Your task »
Give back exactly the stretch of data below from the line holding "is_partition nu \<and>" through the line holding "real) \<Rightarrow> nat \<Rightarrow> nat", both ends included, and leave the remaining lines out.

The data »
lemma tt_coord_second_difference:
  assumes "1 \<le> h"
  shows "(tt_coord r n (h - 1) - tt_coord r n h) - (tt_coord r n h - tt_coord r n (h + 1))
     = - 2 * (1 - cos (pi / (real n + 1))) * tt_coord r n h"
proof -
  define t where "t = pi / (real n + 1)"
  have angle: "real k * pi / (real n + 1) = real k * t" for k
    unfolding t_def by simp
  have shift: "real (h - 1) * t = real h * t - t" "real (h + 1) * t = real h * t + t"
    using assms by (simp_all add: of_nat_diff algebra_simps)
  show ?thesis
    unfolding tt_coord_def angle t_def[symmetric] shift
    by (simp only: cos_add cos_diff) (simp add: algebra_simps)
qed

lemma tt_coord_gap_le_next:
  assumes "0 \<le> r" "1 \<le> h" "2 * h \<le> n + 1"
  shows "tt_coord r n (h - 1) - tt_coord r n h \<le> tt_coord r n h - tt_coord r n (h + 1)"
proof -
  have "0 \<le> (1 - cos (pi / (real n + 1))) * tt_coord r n h"
    using tt_coord_nonneg[OF assms(1,3)] by simp
  then show ?thesis
    using tt_coord_second_difference[OF assms(2), of r n] by linarith
qed

lemma tt_coord_gap_ge_next:
  assumes "0 \<le> r" "n + 1 \<le> 2 * h" "h \<le> n + 1"
  shows "tt_coord r n h - tt_coord r n (h + 1) \<le> tt_coord r n (h - 1) - tt_coord r n h"
proof -
  have "(1 - cos (pi / (real n + 1))) * tt_coord r n h \<le> 0"
    using tt_coord_nonpos[OF assms] by (simp add: mult_nonneg_nonpos)
  moreover have "1 \<le> h"
    using assms(2) by linarith
  ultimately show ?thesis
    using tt_coord_second_difference[of h r n] by linarith
qed

lemma tt_coord_min_gap:
  assumes "0 \<le> r" "h \<in> {2..n}"
  shows "tt_coord r n 1 - tt_coord r n 2 \<le> tt_coord r n (h - 1) - tt_coord r n h"
proof -
  define u where "u = pi / (2 * (real n + 1))"
  have u: "0 < u"
    unfolding u_def by simp
  have "3 * u \<le> (2 * real h - 1) * u"
    using assms(2) u by (intro mult_right_mono) auto
  moreover have "(2 * real h - 1) * u \<le> (2 * real n - 1) * u"
    using assms(2) u by (intro mult_right_mono) auto
  moreover have "(2 * real n - 1) * u = pi - 3 * u"
    unfolding u_def by (simp add: field_simps)
  ultimately have "sin (3 * u) \<le> sin ((2 * real h - 1) * u)"
    using u by (intro sin_le_sin_reflected) auto
  moreover have "0 \<le> sin u"
    unfolding u_def by (intro sin_ge_zero) (auto simp: field_simps)
  ultimately have "4 * r * sin u * sin (3 * u) \<le> 4 * r * sin u * sin ((2 * real h - 1) * u)"
    using assms(1) by (simp add: mult_left_mono)
  moreover have "tt_coord r n 1 - tt_coord r n 2 = 4 * r * sin u * sin (3 * u)"
    using tt_coord_gap_left[of 2 r n] by (simp add: u_def)
  moreover have "tt_coord r n (h - 1) - tt_coord r n h = 4 * r * sin u * sin ((2 * real h - 1) * u)"
    using tt_coord_gap_left[of h r n] assms(2) by (simp add: u_def)
  ultimately show ?thesis
    by simp
qed

lemma tt_coord_last_gap:
  assumes "2 \<le> n"
  shows "tt_coord r n (n - 1) - tt_coord r n n = tt_coord r n 1 - tt_coord r n 2"
  using tt_coord_reflect[of 2 n r] tt_coord_reflect[of 1 n r] assms by (simp add: numeral_2_eq_2)

lemma strict_antimono_on_tt_coord_interior:
  assumes "0 < r"
  shows "strict_antimono_on {1..n} (tt_coord r n)"
  using strict_antimono_on_tt_coord[OF assms] by (rule monotone_on_subset) auto

lemma Min_dist_tt_coord:
  assumes "0 < r" "2 \<le> n" "h \<in> {1..n}"
  shows "Min {\<bar>tt_coord r n h - tt_coord r n j\<bar> | j. j \<in> {1..n} \<and> tt_coord r n j \<noteq> tt_coord r n h}
    = (if (1 < h \<and> 2 * h \<le> n) \<or> h = n then tt_coord r n (h - 1) - tt_coord r n h
       else tt_coord r n h - tt_coord r n (h + 1))"
  unfolding Min_dist_strict_antimono[OF strict_antimono_on_tt_coord_interior[OF assms(1)] assms(2,3)]
  using tt_coord_gap_le_next[of r h n] tt_coord_gap_ge_next[of r n h] assms by (auto simp: min_def)

lemma Min_pair_dist_tt_coord:
  assumes "0 < r" "2 \<le> n"
  shows "Min {\<bar>tt_coord r n h - tt_coord r n j\<bar> | h j. h \<in> {1..n} \<and> j \<in> {1..n}
      \<and> tt_coord r n j \<noteq> tt_coord r n h} = tt_coord r n 1 - tt_coord r n 2"
  using Min_pair_dist_strict_antimono[OF strict_antimono_on_tt_coord_interior[OF assms(1)], of 2]
    tt_coord_min_gap[of r] assms by simp
(* Let $m,n\in\mathbb N$, let $\Box=(n^m)$, and let $\lambda$ be a partition (possibly empty) such that $[\lambda^+]\subseteq[\Box]$, where $\lambda^+=(\lambda_1+1,\lambda_2,\dots,\lambda_{\ell(\lambda)})$. Then \[\frac{f_\lambda\, f_{\Box\setminus\lambda^+}}{f_{\lambda^+}\, f_{\Box\setminus\lambda}}=\frac{(m+\lambda_1)(n-\lambda_1)}{(|\lambda|+1)(mn-|\lambda|)}.\]
   Context: $f_\mu$ denotes the number of standard Young tableaux of shape $\mu$ ($f_\emptyset=1$); $[\mu]=\{(i,j):i\in[\ell(\mu)],j\in[\mu_i]\}$ is the Young diagram (matrix coordinates); for the empty partition $\lambda_1=0$. For $\Box=(n^m)$ and $[\mu]\subseteq[\Box]$, $\Box\setminus\mu$ is the partition with Young diagram $\{(m-i+1,n-j+1):(i,j)\in[\Box]\setminus[\mu]\}$. *)

theory Defs
  imports Complex_Main
begin

text \<open>Partitions are represented as lists of positive naturals in weakly decreasing order.
  Parts are indexed from 1: the i-th part is mu ! (i - 1).\<close>

definition is_partition :: "nat list \<Rightarrow> bool" where
  "is_partition mu \<longleftrightarrow> sorted_wrt (\<ge>) mu \<and> (\<forall>x\<in>set mu. 0 < x)"

definition young :: "nat list \<Rightarrow> (nat \<times> nat) set" where
  "young mu = {(i, j). 1 \<le> i \<and> i \<le> length mu \<and> 1 \<le> j \<and> j \<le> mu ! (i - 1)}"

definition psize :: "nat list \<Rightarrow> nat" where
  "psize mu = sum_list mu"

definition first_part :: "nat list \<Rightarrow> nat" where
  "first_part mu = (case mu of [] \<Rightarrow> 0 | x # _ \<Rightarrow> x)"

definition plus_part :: "nat list \<Rightarrow> nat list" where
  "plus_part mu = (case mu of [] \<Rightarrow> [1] | x # xs \<Rightarrow> (x + 1) # xs)"

definition syt :: "nat list \<Rightarrow> (nat \<times> nat \<Rightarrow> nat) set" where
  "syt mu = {T. bij_betw T (young mu) {1..psize mu}
              \<and> (\<forall>c. c \<notin> young mu \<longrightarrow> T c = 0)
              \<and> (\<forall>i j. (i, j) \<in> young mu \<and> (i, j + 1) \<in> young mu \<longrightarrow> T (i, j) < T (i, j + 1))
              \<and> (\<forall>i j. (i, j) \<in> young mu \<and> (i + 1, j) \<in> young mu \<longrightarrow> T (i, j) < T (i + 1, j))}"

definition num_syt :: "nat list \<Rightarrow> nat" where
  "num_syt mu = card (syt mu)"

definition box :: "nat \<Rightarrow> nat \<Rightarrow> (nat \<times> nat) set" where
  "box m n = {(i, j). 1 \<le> i \<and> i \<le> m \<and> 1 \<le> j \<and> j \<le> n}"

definition box_minus :: "nat \<Rightarrow> nat \<Rightarrow> nat list \<Rightarrow> nat list" where
  "box_minus m n mu = (THE nu. is_partition nu \<and>
      young nu = {(m - i + 1, n - j + 1) | i j. (i, j) \<in> box m n - young mu})"

end

theory Submission
  imports Defs
begin

text \<open>Write a partition with at most k parts as a_0 >= ... >= a_(k-1), of size N, and let
  l_i = a_i + (k - 1 - i) be its beta numbers. The Frobenius formula
  f = N! prod_(p<q) (l_p - l_q) / prod_i l_i! holds because both sides satisfy the branching rule
  f_a = sum over corners c of f_(a - c): removing the corner of row i lowers l_i by one, which
  multiplies the right-hand side by l_i c_i / N with c_i = prod_(j ~= i) (l_i - l_j - 1) / (l_i - l_j),
  and a partial fraction argument gives sum_i l_i c_i = sum_i l_i - k(k-1)/2 = N.

  Passing from lambda to lambda+ raises l_0 by one, while the complement of lambda+ in the
  m x n box arises from that of lambda by lowering its last beta number by one. The beta numbers
  of the complement are the reflections n + m - 1 - l_(m-1-r), so the two factors c cancel and
  only (m + lambda_1)(n - lambda_1) / ((|lambda| + 1)(mn - |lambda|)) survives.\<close>

definition shift_ratio :: "(nat \<Rightarrow> real) \<Rightarrow> nat \<Rightarrow> nat \<Rightarrow> real" where
  "shift_ratio x k i = (\<Prod>j\<in>{..<k} - {i}. (x i - x j - 1) / (x i - x j))"

definition shift_quotient :: "(nat \<Rightarrow> real) \<Rightarrow> nat \<Rightarrow> real \<Rightarrow> real" where
  "shift_quotient x k z = (\<Prod>j<k. (z - x j - 1) / (z - x j))"

lemma shift_ratio_Suc:
  assumes "i < k"
  shows "shift_ratio x (Suc k) i = shift_ratio x k i * ((x i - x k - 1) / (x i - x k))"
proof -
  have "{..<Suc k} - {i} = insert k ({..<k} - {i})" using assms by auto
  then show ?thesis unfolding shift_ratio_def by (simp add: mult.commute)
qed

lemma shift_ratio_Suc_last: "shift_ratio x (Suc k) k = shift_quotient x k (x k)"
proof -
  have "{..<Suc k} - {k} = {..<k}" by auto
  then show ?thesis unfolding shift_ratio_def shift_quotient_def by simp
qed

lemma inj_on_lessThan_SucD:
  assumes "inj_on x {..<Suc k}"
  shows "inj_on x {..<k}" and "x k \<notin> x ` {..<k}"
  using assms by (auto simp: inj_on_def) (metis lessThan_iff less_Suc_eq less_irrefl)

lemma partial_fractions_shift_factor:
  fixes X a b c :: real
  assumes "a \<noteq> 0" "b \<noteq> 0" "b - a \<noteq> 0"
  shows "X / a * (c * ((b - 1) / b)) = X / a * c - (X / a * c - X / b * c) / (b - a)"
  using assms by (simp add: field_simps)
text \<open>Right endpoints are ranked; left endpoints that are no right endpoints take part in no
  contact and are all moved to position 1, below every ranked right endpoint.\<close>
lemma abutting_intervals_imp_shift_homomorphism:
  assumes g: "graph V E" and ai: "abutting_intervals V E lo hi"
  shows "\<exists>m \<phi>. (\<forall>v\<in>V. \<phi> v \<in> shift_V m) \<and> (\<forall>u v. E u v \<longrightarrow> shift_E m (\<phi> u) (\<phi> v)) \<and>
    m \<le> card (\<phi> ` V) + 1"
proof -
  define H where "H = hi ` V"
  have "finite H"
    unfolding H_def using graph_finite[OF g] by simp
  define \<phi> where "\<phi> v = (if lo v \<in> H then Suc (rank H (lo v)) else 1, Suc (rank H (hi v)))" for v
  define m where "m = Suc (card H)"
  have \<phi>_V: "\<phi> v \<in> shift_V m" if "v \<in> V" for v
  proof -
    have "hi v \<in> H" "lo v < hi v"
      using that ai unfolding H_def abutting_intervals_def by auto
    then have "fst (\<phi> v) < snd (\<phi> v)"
      using rank_strict_mono[OF \<open>finite H\<close>] rank_pos[OF \<open>finite H\<close>] unfolding \<phi>_def by auto
    moreover have "snd (\<phi> v) \<le> m"
      using rank_le_card[OF \<open>finite H\<close>] unfolding \<phi>_def m_def by simp
    ultimately show ?thesis
      unfolding shift_V_def \<phi>_def by auto
  qed
  have \<phi>_E: "shift_E m (\<phi> u) (\<phi> v)" if e: "E u v" for u v
  proof -
    have uv: "u \<in> V" "v \<in> V"
      using graph_edgeD[OF g e] by auto
    have meet: "snd (\<phi> x) = fst (\<phi> y)" if "x \<in> V" "hi x = lo y" for x y
    proof -
      have "lo y \<in> H"
        using that unfolding H_def by force
      then show ?thesis
        using that(2) unfolding \<phi>_def by simp
    qed
    have "hi u = lo v \<or> hi v = lo u"
      using ai e unfolding abutting_intervals_def by blast
    then have "snd (\<phi> u) = fst (\<phi> v) \<or> snd (\<phi> v) = fst (\<phi> u)"
      using meet uv by blast
    then show ?thesis
      using \<phi>_V uv unfolding shift_E_def by blast
  qed
  have "card H = card (snd ` \<phi> ` V)"
  proof -
    have "snd ` \<phi> ` V = (\<lambda>x. Suc (rank H x)) ` H"
      unfolding \<phi>_def H_def by force
    moreover have "inj_on (\<lambda>x. Suc (rank H x)) H"
      using inj_on_rank[OF \<open>finite H\<close>] by (simp add: inj_on_def)
    ultimately show ?thesis
      by (simp add: card_image)
  qed
  also have "\<dots> \<le> card (\<phi> ` V)"
    using graph_finite[OF g] by (intro card_image_le) simp
  finally have "m \<le> card (\<phi> ` V) + 1"
    unfolding m_def by simp
  then show ?thesis
    using \<phi>_V \<phi>_E by blast
qed
(* Let $a\in\mathbb Z^+$ and let $\psi:\mathbb Z\to\mathbb Z$ be a function such that for every $k\in\mathbb Z$ and every $j\in\{1,\dots,a\}$, $\psi(k)\equiv\psi(-k)\pmod{3^a}$ and $\psi(k+3^j)\equiv\psi(k)\pmod{3^j}$. For $1\le k\le 3^a-1$ set $$\Psi_a(k)=\frac{\psi(3^a-k)-\psi(k)}{3^a}+\frac{3^a-1}{2}-k .$$ Then $$\frac{1}{2[3^a]_q^2}\sum_{k=1}^{3^a-1}q^{\psi(k)}\left(\frac{k}{3}\right)\begin{bmatrix}2\cdot 3^a\\k\end{bmatrix}_q\equiv \sum_{\substack{1\le k\le 3^a-1\\ k\equiv1\ (\mathrm{mod}\ 3)}} q^{\psi(k)-\frac{k(k-1)}{2}}\,\frac{(-1)^{k-1}}{[k]_q^2}\bigl(1+\Psi_a(k)(1-q^k)\bigr)\pmod{\Phi_{3^a}(q)}.$$
   Context: $\left(\frac{k}{3}\right)$ is the Legendre symbol: $0$ if $3\mid k$, $1$ if $k\equiv1\pmod 3$, $-1$ if $k\equiv 2\pmod 3$. For $n\in\mathbb N$, $[n]_q=\frac{1-q^n}{1-q}=\sum_{0\le j<n}q^j$. For $n,k\in\mathbb N$ the $q$-binomial coefficient is $\begin{bmatrix}n\\k\end{bmatrix}_q=\frac{[n]_q[n-1]_q\cdots[n-k+1]_q}{[1]_q[2]_q\cdots[k]_q}$ if $0<k\le n$, equal to $1$ if $k=0$, and $0$ if $k>n$. $\Phi_{3^a}(q)=\frac{q^{3^a}-1}{q^{3^{a-1}}-1}$ is the $3^a$-th cyclotomic polynomial. Congruence convention: for rational functions $A,B$ in $q$ with rational coefficients (Laurent polynomials allowed) and a nonconstant polynomial $M\in\mathbb Z[q]$, $A\equiv B\pmod{M}$ means $A-B=M\cdot C$ for some rational function $C$ whose reduced denominator is coprime to $M$ in $\mathbb Q[q]$. (The sum on the left is divisible by $[3^a]_q^2$, and the $[k]_q$ with $3\nmid k$ are coprime to $\Phi_{3^a}(q)$.) *)

theory Defs
  imports "HOL-Computational_Algebra.Computational_Algebra" "HOL-Computational_Algebra.Field_as_Ring" "HOL-Number_Theory.Number_Theory"
begin

type_synonym rfun = "rat poly fract"

definition qvar :: rfun where
  "qvar = to_fract [:0, 1:]"

definition rconst :: "rat \<Rightarrow> rfun" where
  "rconst c = to_fract [:c:]"

definition qint :: "nat \<Rightarrow> rfun" where
  "qint n = (\<Sum>j<n. qvar ^ j)"
text \<open>Conditions (3),(4),(6) concern the coproducts cobr c of
  A* (dual to the products c of A) and products d of A*.  Evaluated at a \<otimes> b, each
  such expression becomes the pairing of a \<otimes> b with an expression in the coproducts
  cobr d of A, at the basis vectors of A.\<close>
lemma transpose_cobr_bprod:
  "cobr c (bprod d a b) i j =
   (\<Sum>u\<in>UNIV. \<Sum>v\<in>UNIV. a u * b v * cobr d (bprod c (bvec i) (bvec j)) u v)"
proof -
  have "cobr c (bprod d a b) i j =
    (\<Sum>k\<in>UNIV. \<Sum>u\<in>UNIV. \<Sum>v\<in>UNIV. a u * b v * (d u v k * c i j k))"
    by (simp add: cobr_apply bprod_def sum_distrib_left sum_distrib_right ac_simps)
  also have "\<dots> = (\<Sum>u\<in>UNIV. \<Sum>v\<in>UNIV. \<Sum>k\<in>UNIV. a u * b v * (d u v k * c i j k))"
    by (rule sum_rotate3[symmetric])
  also have "\<dots> = (\<Sum>u\<in>UNIV. \<Sum>v\<in>UNIV. a u * b v * cobr d (bprod c (bvec i) (bvec j)) u v)"
    by (simp add: cobr_apply bprod_basis sum_distrib_left ac_simps)
  finally show ?thesis .
qed

lemma transpose_id_Lop:
  "tmap id (Lop d a) (cobr c b) i j =
   (\<Sum>u\<in>UNIV. \<Sum>v\<in>UNIV. a u * b v * tmap id (Lop c (bvec i)) (cobr d (bvec j)) u v)"
proof -
  have "tmap id (Lop d a) (cobr c b) i j =
    (\<Sum>q\<in>UNIV. \<Sum>v\<in>UNIV. \<Sum>u\<in>UNIV. a u * b v * (d u q j * c i q v))"
    by (simp add: tmap_id_left cobr_apply Lop_def bprod_basis_right sum_distrib_left
        sum_distrib_right ac_simps)
  also have "\<dots> = (\<Sum>u\<in>UNIV. \<Sum>v\<in>UNIV. \<Sum>q\<in>UNIV. a u * b v * (d u q j * c i q v))"
    by (rule sum_reverse3)
  also have "\<dots> = (\<Sum>u\<in>UNIV. \<Sum>v\<in>UNIV. a u * b v * tmap id (Lop c (bvec i)) (cobr d (bvec j)) u v)"
    by (simp add: tmap_id_left cobr_basis Lop_def bprod_basis sum_distrib_left ac_simps)
  finally show ?thesis .
qed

Completed task »
  "box_minus m n mu = (THE nu. is_partition nu \<and>
      young nu = {(m - i + 1, n - j + 1) | i j. (i, j) \<in> box m n - young mu})"

end

theory Submission
  imports Defs
begin

text \<open>Write a partition with at most k parts as a_0 >= ... >= a_(k-1), of size N, and let
  l_i = a_i + (k - 1 - i) be its beta numbers. The Frobenius formula
  f = N! prod_(p<q) (l_p - l_q) / prod_i l_i! holds because both sides satisfy the branching rule
  f_a = sum over corners c of f_(a - c): removing the corner of row i lowers l_i by one, which
  multiplies the right-hand side by l_i c_i / N with c_i = prod_(j ~= i) (l_i - l_j - 1) / (l_i - l_j),
  and a partial fraction argument gives sum_i l_i c_i = sum_i l_i - k(k-1)/2 = N.

  Passing from lambda to lambda+ raises l_0 by one, while the complement of lambda+ in the
  m x n box arises from that of lambda by lowering its last beta number by one. The beta numbers
  of the complement are the reflections n + m - 1 - l_(m-1-r), so the two factors c cancel and
  only (m + lambda_1)(n - lambda_1) / ((|lambda| + 1)(mn - |lambda|)) survives.\<close>

definition shift_ratio :: "(nat \<Rightarrow> real) \<Rightarrow> nat \<Rightarrow> nat \<Rightarrow> real" where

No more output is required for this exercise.